The Daughter

The_Daughter_(2015_film)_POSTER***1/2 out of five)

Simon Stone’s adaptation of his stage adaptation of Ibsen’s The Wild Duck tosses out the metaphorical title and tells us straight who this story is about. She’s played by Odessa Young, brilliantly, and a huge part of the enjoyment of this film is watching a star being born in front of your eyes.

Young has previously appeared in Looking for Grace, and based on that and her performance here, I can safely predict her dance card will be full for many years, and will include waltzes with Hollywood. She’s astonishingly present as Hedwig (Ibsen eh!), the daughter of logger Oliver (Ewen Leslie), who re-unites with his old mate Christian (Paul Schneider) to nobody’s benefit.

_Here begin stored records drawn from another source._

lemma kernel_dim_diag:
  fixes A :: "'a::field mat"
  assumes A: "A \<in> carrier_mat k l" and r: "s \<le> r" "r \<le> k" "r \<le> l"
    and entries: "\<And>i j. i < k \<Longrightarrow> j < l \<Longrightarrow> A $$ (i,j) = (if i = j \<and> i < r then c i else 0)"
    and nonzero: "\<And>i. i < r \<Longrightarrow> c i \<noteq> 0 \<longleftrightarrow> i < s"
  shows "kernel.dim l A = l - s"
proof -
  define E :: "'a mat" where "E = mat k l (\<lambda>(i,j). if i = j \<and> i < s then 1 else 0)"
  have E: "E \<in> carrier_mat k l" unfolding E_def by simp
  have "A *\<^sub>v v = 0\<^sub>v k \<longleftrightarrow> E *\<^sub>v v = 0\<^sub>v k" if v: "v \<in> carrier_vec l" for v
  proof -
    have "A *\<^sub>v v = 0\<^sub>v k \<longleftrightarrow> (\<forall>i<r. c i * v $ i = 0)"
      by (rule diag_mult_vec_eq_zero_iff[OF A r(2,3) entries v])
    also have "\<dots> \<longleftrightarrow> (\<forall>i<s. v $ i = 0)"
    proof (intro iffI allI impI)
      fix i assume zero: "\<forall>i<r. c i * v $ i = 0" and "i < s"
      then have "i < r" using r(1) by simp
      then have "c i * v $ i = 0" "c i \<noteq> 0" using zero nonzero[of i] \<open>i < s\<close> by auto
      then show "v $ i = 0" by simp
    next
      fix i assume "\<forall>i<s. v $ i = 0" "i < r"
      then show "c i * v $ i = 0" using nonzero by (cases "i < s") auto
    qed
    also have "\<dots> \<longleftrightarrow> E *\<^sub>v v = 0\<^sub>v k"
      using diag_mult_vec_eq_zero_iff[OF E _ _ _ v, of s "\<lambda>_. 1"] r by (simp add: E_def)
    finally show ?thesis .
  qed
  then have "mat_kernel A = mat_kernel E" unfolding mat_kernel[OF A] mat_kernel[OF E] by blast
  then show ?thesis using kernel_dim_unit_diag[of s k l] r unfolding E_def
    by (simp flip: subspace_dim_mat_kernel)
qed
(* There is a sequence of positive numbers $(a_k)_{k\ge1}$ with $\sum_{k=1}^\infty a_k<\infty$ such that $\mathbb E(U_k)\le a_k$ for every $n\ge 2k$ and every $p\ge 2/5$, where $U_k$ is the number of proper star $k$-separations of $\Gamma\in G(n,p)$.
   Context: $G(n,p)$ is the Erdős–Rényi random graph on vertex set $V$, $|V|=n$, each edge independently present with probability $p$. For a graph $\Delta$ with vertex set $W$, a separation is $S\subset W$ with $S\ne\varnothing$, $S\ne W$ and no edges between $S$ and $W\setminus S$. $\mathrm{st}(a)$ is $a$ with its neighbours. A star separation of $\Gamma$ is a pair $(a,S)$ with $a\in V$, $S\subset V\setminus\mathrm{st}(a)$, such that $S$ is a separation of the full subgraph $\Gamma\setminus\mathrm{st}(a)$; it is a star $k$-separation if $|S|=k$, and proper if $S$ is not a separation of $\Gamma$. *)

theory Defs
  imports Complex_Main
begin

text \<open>Graphs on the vertex set V = {0..<n}, given by their edge set: a set of
  2-element subsets of V.\<close>

definition all_edges :: "nat \<Rightarrow> nat set set" where
  "all_edges n = {e. \<exists>u v. u < n \<and> v < n \<and> u \<noteq> v \<and> e = {u, v}}"

definition st :: "nat set set \<Rightarrow> nat \<Rightarrow> nat set" where
  "st E a = insert a {v. {a, v} \<in> E}"

definition is_separation :: "nat set set \<Rightarrow> nat set \<Rightarrow> nat set \<Rightarrow> bool" where
  "is_separation E W S \<longleftrightarrow> S \<subseteq> W \<and> S \<noteq> {} \<and> S \<noteq> W \<and>
     (\<forall>u\<in>S. \<forall>v\<in>W - S. {u, v} \<notin> E)"

definition star_separation :: "nat \<Rightarrow> nat set set \<Rightarrow> nat \<Rightarrow> nat set \<Rightarrow> bool" where
  "star_separation n E a S \<longleftrightarrow> a < n \<and> S \<subseteq> {..<n} - st E a \<and>
     is_separation E ({..<n} - st E a) S"

definition proper_star_k_separation :: "nat \<Rightarrow> nat set set \<Rightarrow> nat \<Rightarrow> nat \<Rightarrow> nat set \<Rightarrow> bool" where
  "proper_star_k_separation n E k a S \<longleftrightarrow> star_separation n E a S \<and> card S = k \<and>
     \<not> is_separation E {..<n} S"

definition U :: "nat \<Rightarrow> nat \<Rightarrow> nat set set \<Rightarrow> nat" where
  "U n k E = card {(a, S). proper_star_k_separation n E k a S}"

definition gnp_expectation :: "nat \<Rightarrow> real \<Rightarrow> (nat set set \<Rightarrow> real) \<Rightarrow> real" where
  "gnp_expectation n p X = (\<Sum>E\<in>Pow (all_edges n).
     p ^ card E * (1 - p) ^ (card (all_edges n) - card E) * X E)"

end

theory Submission
  imports Defs
begin

text \<open>A star separation \<open>(a, S)\<close> comes with a vertex \<open>w\<close> of \<open>\<Gamma> \<setminus> st(a)\<close> outside \<open>S\<close>. Then the
  \<open>2k + 1\<close> edges from \<open>a\<close> to \<open>S\<close> and from \<open>w\<close> to \<open>S \<union> {a}\<close> are absent, and each of the
  remaining \<open>n - k - 2\<close> vertices is adjacent to \<open>a\<close> or has no edge to \<open>S \<union> {a}\<close>. These
  events involve disjoint sets of edges, so with \<open>q = 1 - p \<le> 3/5\<close> a first-moment count over
  the triples \<open>(a, S, w)\<close> gives
  \<open>E U_k \<le> n C(n-1,k) (n-1-k) q^(2k+1) (p + q^(k+1))^(n-k-2)\<close>.
  Comparing with a single term of the binomial expansion of
  \<open>1 = (q (1 - q^k) + p + q^(k+1))^(n+1)\<close> removes the dependence on \<open>n\<close> and leaves a bound of
  order \<open>k^2 (3/5)^k\<close>, which is summable.\<close>

definition bernoulli_weight :: "real \<Rightarrow> 'a set \<Rightarrow> 'a set \<Rightarrow> real" where
  "bernoulli_weight p A E = p ^ card E * (1 - p) ^ card (A - E)"

lemma bernoulli_weight_Un:
  assumes "finite A" "finite B" "A \<inter> B = {}" "X \<subseteq> A" "Y \<subseteq> B"
  shows "bernoulli_weight p (A \<union> B) (X \<union> Y) = bernoulli_weight p A X * bernoulli_weight p B Y"
proof -
  have "card (X \<union> Y) = card X + card Y"
    using assms by (intro card_Un_disjoint) (auto intro: finite_subset)
  moreover have "card (A \<union> B - (X \<union> Y)) = card (A - X) + card (B - Y)"
  proof -
    have "A \<union> B - (X \<union> Y) = (A - X) \<union> (B - Y)" using assms by auto
    then show ?thesis using assms by (simp add: card_Un_disjoint disjoint_iff)
  qed
  ultimately show ?thesis unfolding bernoulli_weight_def by (simp add: power_add algebra_simps)
qed

lemma sum_bernoulli_weight_Un:
  assumes "finite A" "finite B" "A \<inter> B = {}"
  shows "(\<Sum>E\<in>Pow (A \<union> B). bernoulli_weight p (A \<union> B) E * f (E \<inter> A) * g (E \<inter> B)) =
         (\<Sum>X\<in>Pow A. bernoulli_weight p A X * f X) * (\<Sum>Y\<in>Pow B. bernoulli_weight p B Y * g Y)"
proof -
  let ?union = "\<lambda>(X, Y). X \<union> Y"
  have inj: "inj_on ?union (Pow A \<times> Pow B)"
  proof (rule inj_onI, clarsimp)
    fix X Y X' Y' assume "X \<subseteq> A" "Y \<subseteq> B" "X' \<subseteq> A" "Y' \<subseteq> B" "X \<union> Y = X' \<union> Y'"
    then show "X = X' \<and> Y = Y'" using assms(3) by blast
  qed
  have "Pow (A \<union> B) = ?union ` (Pow A \<times> Pow B)"
  proof
    show "Pow (A \<union> B) \<subseteq> ?union ` (Pow A \<times> Pow B)"
    proof
      fix E assume "E \<in> Pow (A \<union> B)"
      then have "E = ?union (E \<inter> A, E \<inter> B)" "(E \<inter> A, E \<inter> B) \<in> Pow A \<times> Pow B" by auto
      then show "E \<in> ?union ` (Pow A \<times> Pow B)" by blast
    qed
  qed auto
  then have "(\<Sum>E\<in>Pow (A \<union> B). bernoulli_weight p (A \<union> B) E * f (E \<inter> A) * g (E \<inter> B)) =
    (\<Sum>(X, Y)\<in>Pow A \<times> Pow B. bernoulli_weight p (A \<union> B) (X \<union> Y) * f ((X \<union> Y) \<inter> A) * g ((X \<union> Y) \<inter> B))"
    by (simp only: sum.reindex[OF inj]) (simp add: split_def)
  also have "\<dots> = (\<Sum>(X, Y)\<in>Pow A \<times> Pow B. bernoulli_weight p A X * f X * (bernoulli_weight p B Y * g Y))"
  proof (rule sum.cong[OF refl], clarsimp)
    fix X Y assume XY: "X \<subseteq> A" "Y \<subseteq> B"
    then have "(X \<union> Y) \<inter> A = X" "(X \<union> Y) \<inter> B = Y" using assms(3) by auto
    then show "bernoulli_weight p (A \<union> B) (X \<union> Y) * f ((X \<union> Y) \<inter> A) * g ((X \<union> Y) \<inter> B) =
        bernoulli_weight p A X * f X * (bernoulli_weight p B Y * g Y)"
      using bernoulli_weight_Un[OF assms XY, of p] by simp
  qed
  also have "\<dots> = (\<Sum>X\<in>Pow A. bernoulli_weight p A X * f X) * (\<Sum>Y\<in>Pow B. bernoulli_weight p B Y * g Y)"
    by (simp add: sum_product sum.cartesian_product split_def)
  finally show ?thesis .
qed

The many lives thrown off-kilter by Christian’s return to Oz from the US include characters played by Geoffrey Rush, Sam Neill, Miranda Otto and Anna Torv. They’re all solid, but it’s Young, Leslie and Schneider’s show, and they’re all excellent. Leslie, playing against his urbane type, is stunning, making a bunch of really tricky character maneuvers seem effortless. And Schneider, having experience with a couple of Antipodean films and filmmakers (he was in Jane Campion’s Bright Star and Andrew Dominik’s The Assassination of Jess James by the Coward Robert Ford) is believable as an Americanised Aussie – not a natural role for anyone.

It’s really inspiring that in a film with so many brilliant old-timers, it’s the young ones who impress, and the youngest the most. Stone is a young man making his feature debut, and he certainly breathes youthful energy into an old story, while also giving the whole thing a very Euro feel. It’s beautifully shot, too. Perhaps the least interesting thing about it is the actual story, which makes sense: I’d see this film over a stage production of Ibsen any day.